== Your instructions ==
Using the data that follows, return exactly the lines from the one that contains "- x) \<longlongrightarrow>" through the one that contains "x. ((\<lambda>y. f", ends included.

(Collected data entries)
__________

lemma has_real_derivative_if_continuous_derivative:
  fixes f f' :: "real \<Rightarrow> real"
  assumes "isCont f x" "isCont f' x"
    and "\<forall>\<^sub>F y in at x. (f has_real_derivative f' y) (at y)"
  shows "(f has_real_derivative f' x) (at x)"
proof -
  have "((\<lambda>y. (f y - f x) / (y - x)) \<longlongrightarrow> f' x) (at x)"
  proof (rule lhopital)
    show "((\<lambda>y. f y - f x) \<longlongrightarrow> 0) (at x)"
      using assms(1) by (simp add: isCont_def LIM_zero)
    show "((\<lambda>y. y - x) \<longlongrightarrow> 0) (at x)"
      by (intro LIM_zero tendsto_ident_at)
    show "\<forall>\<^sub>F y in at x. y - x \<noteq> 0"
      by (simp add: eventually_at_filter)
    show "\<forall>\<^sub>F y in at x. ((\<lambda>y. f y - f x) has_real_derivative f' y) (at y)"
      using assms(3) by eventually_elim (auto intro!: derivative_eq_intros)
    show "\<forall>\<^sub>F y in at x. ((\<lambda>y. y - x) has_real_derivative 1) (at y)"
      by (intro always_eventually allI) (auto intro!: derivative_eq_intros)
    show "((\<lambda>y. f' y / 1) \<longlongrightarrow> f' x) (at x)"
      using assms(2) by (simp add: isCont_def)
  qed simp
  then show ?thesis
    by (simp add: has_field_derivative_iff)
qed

__________

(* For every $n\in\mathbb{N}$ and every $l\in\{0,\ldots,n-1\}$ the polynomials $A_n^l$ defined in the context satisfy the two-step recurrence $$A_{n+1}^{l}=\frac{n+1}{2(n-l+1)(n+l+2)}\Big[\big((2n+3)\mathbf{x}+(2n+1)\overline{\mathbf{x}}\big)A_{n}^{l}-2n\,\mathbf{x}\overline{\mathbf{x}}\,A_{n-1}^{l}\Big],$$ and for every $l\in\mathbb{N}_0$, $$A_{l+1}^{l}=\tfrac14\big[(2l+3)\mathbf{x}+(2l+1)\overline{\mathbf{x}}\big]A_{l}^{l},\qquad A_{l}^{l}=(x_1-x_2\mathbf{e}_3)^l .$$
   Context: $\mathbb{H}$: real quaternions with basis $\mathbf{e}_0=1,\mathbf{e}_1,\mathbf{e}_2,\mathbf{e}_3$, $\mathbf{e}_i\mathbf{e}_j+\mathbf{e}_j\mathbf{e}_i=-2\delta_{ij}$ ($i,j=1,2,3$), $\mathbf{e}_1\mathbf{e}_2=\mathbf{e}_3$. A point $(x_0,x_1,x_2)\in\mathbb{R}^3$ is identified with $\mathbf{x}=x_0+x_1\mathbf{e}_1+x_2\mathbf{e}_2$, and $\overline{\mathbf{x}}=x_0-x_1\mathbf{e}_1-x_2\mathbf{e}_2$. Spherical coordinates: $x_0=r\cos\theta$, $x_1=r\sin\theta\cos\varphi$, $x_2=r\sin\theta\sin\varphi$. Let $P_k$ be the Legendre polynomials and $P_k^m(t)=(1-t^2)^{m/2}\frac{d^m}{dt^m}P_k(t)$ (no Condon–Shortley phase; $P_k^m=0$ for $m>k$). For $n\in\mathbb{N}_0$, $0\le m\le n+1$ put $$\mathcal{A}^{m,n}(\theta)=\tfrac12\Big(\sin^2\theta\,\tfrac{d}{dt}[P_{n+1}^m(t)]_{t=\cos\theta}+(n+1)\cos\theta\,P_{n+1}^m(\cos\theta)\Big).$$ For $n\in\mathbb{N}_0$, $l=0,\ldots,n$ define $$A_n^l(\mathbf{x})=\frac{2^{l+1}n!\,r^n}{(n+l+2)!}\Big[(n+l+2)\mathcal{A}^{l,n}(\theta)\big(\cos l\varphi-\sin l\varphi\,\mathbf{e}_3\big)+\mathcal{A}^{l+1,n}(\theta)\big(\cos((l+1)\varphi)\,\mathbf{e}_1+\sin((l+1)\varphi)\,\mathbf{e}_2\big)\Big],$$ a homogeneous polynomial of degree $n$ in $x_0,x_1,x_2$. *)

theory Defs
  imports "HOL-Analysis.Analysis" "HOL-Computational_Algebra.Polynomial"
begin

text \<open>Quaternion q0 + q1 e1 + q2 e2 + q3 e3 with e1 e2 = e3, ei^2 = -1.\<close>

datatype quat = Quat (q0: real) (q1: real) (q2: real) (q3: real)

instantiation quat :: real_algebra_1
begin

__________

== Response to this task ==
    show "((\<lambda>y. y - x) \<longlongrightarrow> 0) (at x)"
      by (intro LIM_zero tendsto_ident_at)
    show "\<forall>\<^sub>F y in at x. y - x \<noteq> 0"
      by (simp add: eventually_at_filter)
    show "\<forall>\<^sub>F y in at x. ((\<lambda>y. f y - f x) has_real_derivative f' y) (at y)"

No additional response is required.